Enliven: Journal of Dietetics Research and Nutrition

The Third Nutritional Transition and Toward an Equitable Feeding with Entomophagy
Author(s): Mehmet Faik Cem Turaman

Entomophagy defines the consumption of insect as food by humans. Insecta is one of the most widespread group of animals on the planet and is the most diverse group in terms of species. There is evidence that human, throughout its history has consumed insects as food. Insect consumption is still common all over the world yet insufficient.

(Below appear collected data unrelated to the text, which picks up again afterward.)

lemma card_exchange_fibre_le:
  fixes Z :: "nat set \<Rightarrow> nat set"
  assumes Z: "\<And>A. A \<in> G \<Longrightarrow> finite (Z A) \<and> card (Z A) \<le> z"
    and no_step: "\<And>A B x w. A \<in> G \<Longrightarrow> B \<in> G \<Longrightarrow> exchange_step A B x w
                    \<Longrightarrow> x \<notin> Z A \<Longrightarrow> w \<notin> Z A \<Longrightarrow> False"
  shows "card {p \<in> Sigma G (\<lambda>A. A - Z A). fst p - {snd p} = S} \<le> 2 ^ Suc z"
    (is "card ?fibre \<le> _")
proof (cases "?fibre = {}")
  case False
  then obtain A x where "(A, x) \<in> ?fibre" by auto
  then have A: "A \<in> G" and x: "x \<in> A" "x \<notin> Z A" and S: "S = A - {x}" by auto
  have ZA: "finite (Z A)" "card (Z A) \<le> z" using Z[OF A] by auto
  \<comment> \<open>every set of the fibre contains \<open>S\<close> and, by the absence of exchange steps out of \<open>A\<close>,
      adds to \<open>A - {x}\<close> or to \<open>A\<close> only elements of \<open>Z A\<close>\<close>
  have "fst ` ?fibre \<subseteq> (\<lambda>Y. S \<union> Y) ` Pow (Z A) \<union> (\<lambda>Y. A \<union> Y) ` Pow (Z A)"
  proof
    fix B assume "B \<in> fst ` ?fibre"
    then have B: "B \<in> G" and SB: "S \<subseteq> B" by auto
    have "B - A \<subseteq> Z A"
    proof
      fix w assume w: "w \<in> B - A"
      with x S SB have "exchange_step A B x w" unfolding exchange_step_def by auto
      with no_step[OF A B] x show "w \<in> Z A" by blast
    qed
    then have "B = S \<union> (B - A) \<or> B = A \<union> (B - A)" using S SB by auto
    then show "B \<in> (\<lambda>Y. S \<union> Y) ` Pow (Z A) \<union> (\<lambda>Y. A \<union> Y) ` Pow (Z A)"
      using \<open>B - A \<subseteq> Z A\<close> by blast
  qed
  then have "card (fst ` ?fibre) \<le> card ((\<lambda>Y. S \<union> Y) ` Pow (Z A) \<union> (\<lambda>Y. A \<union> Y) ` Pow (Z A))"
    using ZA by (intro card_mono) auto
  also have "\<dots> \<le> card ((\<lambda>Y. S \<union> Y) ` Pow (Z A)) + card ((\<lambda>Y. A \<union> Y) ` Pow (Z A))"
    by (rule card_Un_le)
  finally have fibre_le:
    "card (fst ` ?fibre) \<le> card ((\<lambda>Y. S \<union> Y) ` Pow (Z A)) + card ((\<lambda>Y. A \<union> Y) ` Pow (Z A))" .
  have "inj_on fst ?fibre"
  proof (rule inj_onI)
    fix p q assume "p \<in> ?fibre" "q \<in> ?fibre" "fst p = fst q"
    then obtain B x y where "p = (B, x)" "q = (B, y)" by (metis prod.collapse)
    moreover from this have "x \<in> B" "B - {x} = S" "B - {y} = S"
      using \<open>p \<in> ?fibre\<close> \<open>q \<in> ?fibre\<close> by simp_all
    ultimately show "p = q" by auto
  qed
  with fibre_le have
    "card ?fibre \<le> card ((\<lambda>Y. S \<union> Y) ` Pow (Z A)) + card ((\<lambda>Y. A \<union> Y) ` Pow (Z A))"
    by (simp add: card_image)
  also have "\<dots> \<le> 2 ^ card (Z A) + 2 ^ card (Z A)"
    using ZA by (metis add_mono card_Pow card_image_le finite_Pow_iff)
  also have "\<dots> \<le> 2 ^ z + 2 ^ z" using ZA by (intro add_mono power_increasing) auto
  finally show ?thesis by simp
qed (simp only: card.empty zero_le)

lemma sum_card_minus_le_if_no_exchange_step:
  fixes Z :: "nat set \<Rightarrow> nat set"
  assumes G: "G \<subseteq> Pow {1..n}"
    and Z: "\<And>A. A \<in> G \<Longrightarrow> finite (Z A) \<and> card (Z A) \<le> z"
    and no_step: "\<And>A B x w. A \<in> G \<Longrightarrow> B \<in> G \<Longrightarrow> exchange_step A B x w
                    \<Longrightarrow> x \<notin> Z A \<Longrightarrow> w \<notin> Z A \<Longrightarrow> False"
  shows "(\<Sum>A\<in>G. card A - z) \<le> 2 ^ Suc z * 2 ^ n"
proof -
  define pairs where "pairs = Sigma G (\<lambda>A. A - Z A)"
  have "finite G" using G by (rule finite_subset) simp
  have "(\<Sum>A\<in>G. card A - z) \<le> (\<Sum>A\<in>G. card (A - Z A))"
  proof (rule sum_mono)
    fix A assume "A \<in> G"
    with Z have "card A - card (Z A) \<le> card (A - Z A)" by (blast intro: diff_card_le_card_Diff)
    with Z[OF \<open>A \<in> G\<close>] show "card A - z \<le> card (A - Z A)" by linarith
  qed
  also have "\<dots> = card pairs"
    unfolding pairs_def using \<open>finite G\<close> G
    by (subst card_SigmaI) (auto intro: finite_subset)
  also have "pairs = (\<Union>S\<in>Pow {1..n}. {p \<in> pairs. fst p - {snd p} = S})"
  proof (intro equalityI subsetI)
    fix p assume "p \<in> pairs"
    moreover from this have "fst p - {snd p} \<in> Pow {1..n}" using G by (force simp: pairs_def)
    ultimately show "p \<in> (\<Union>S\<in>Pow {1..n}. {p \<in> pairs. fst p - {snd p} = S})" by blast
  qed blast
  also have "card \<dots> \<le> (\<Sum>S\<in>Pow {1..n}. card {p \<in> pairs. fst p - {snd p} = S})"
    by (rule card_UN_le) simp
  also have "\<dots> \<le> (\<Sum>S\<in>Pow {1..n}. 2 ^ Suc z)"
    unfolding pairs_def by (rule sum_mono) (rule card_exchange_fibre_le[OF Z no_step])
  finally show ?thesis by (simp add: card_Pow mult.commute)
qed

In the course of evolution, the human might have diverged from other apes by shifting it’s way of nutrition and then, there has been two transitions in it’s nutritional attitudes: The first one corresponds to the agricultural revolution and the second, to the Anthropocene. This manuscript advocates the necessity of the third nutritional transition through entomophagy. With the beginning of the second nutritional transition, human has faced a health bottleneck stemming from the overconsumption of food. The most cost-effective way to overcome this obstacle is facilitating and/or achieving the third nutritional transition by eating insects. Through entomophagy not only our protein gap will be closed but the metabolic syndrome and cancer pandemics will also be prevented in a cheaper and painless manner. Insect breeding will save our species from the ecological deadlock of the environment. Entomophagy is by no means a matter of choice but a necessity.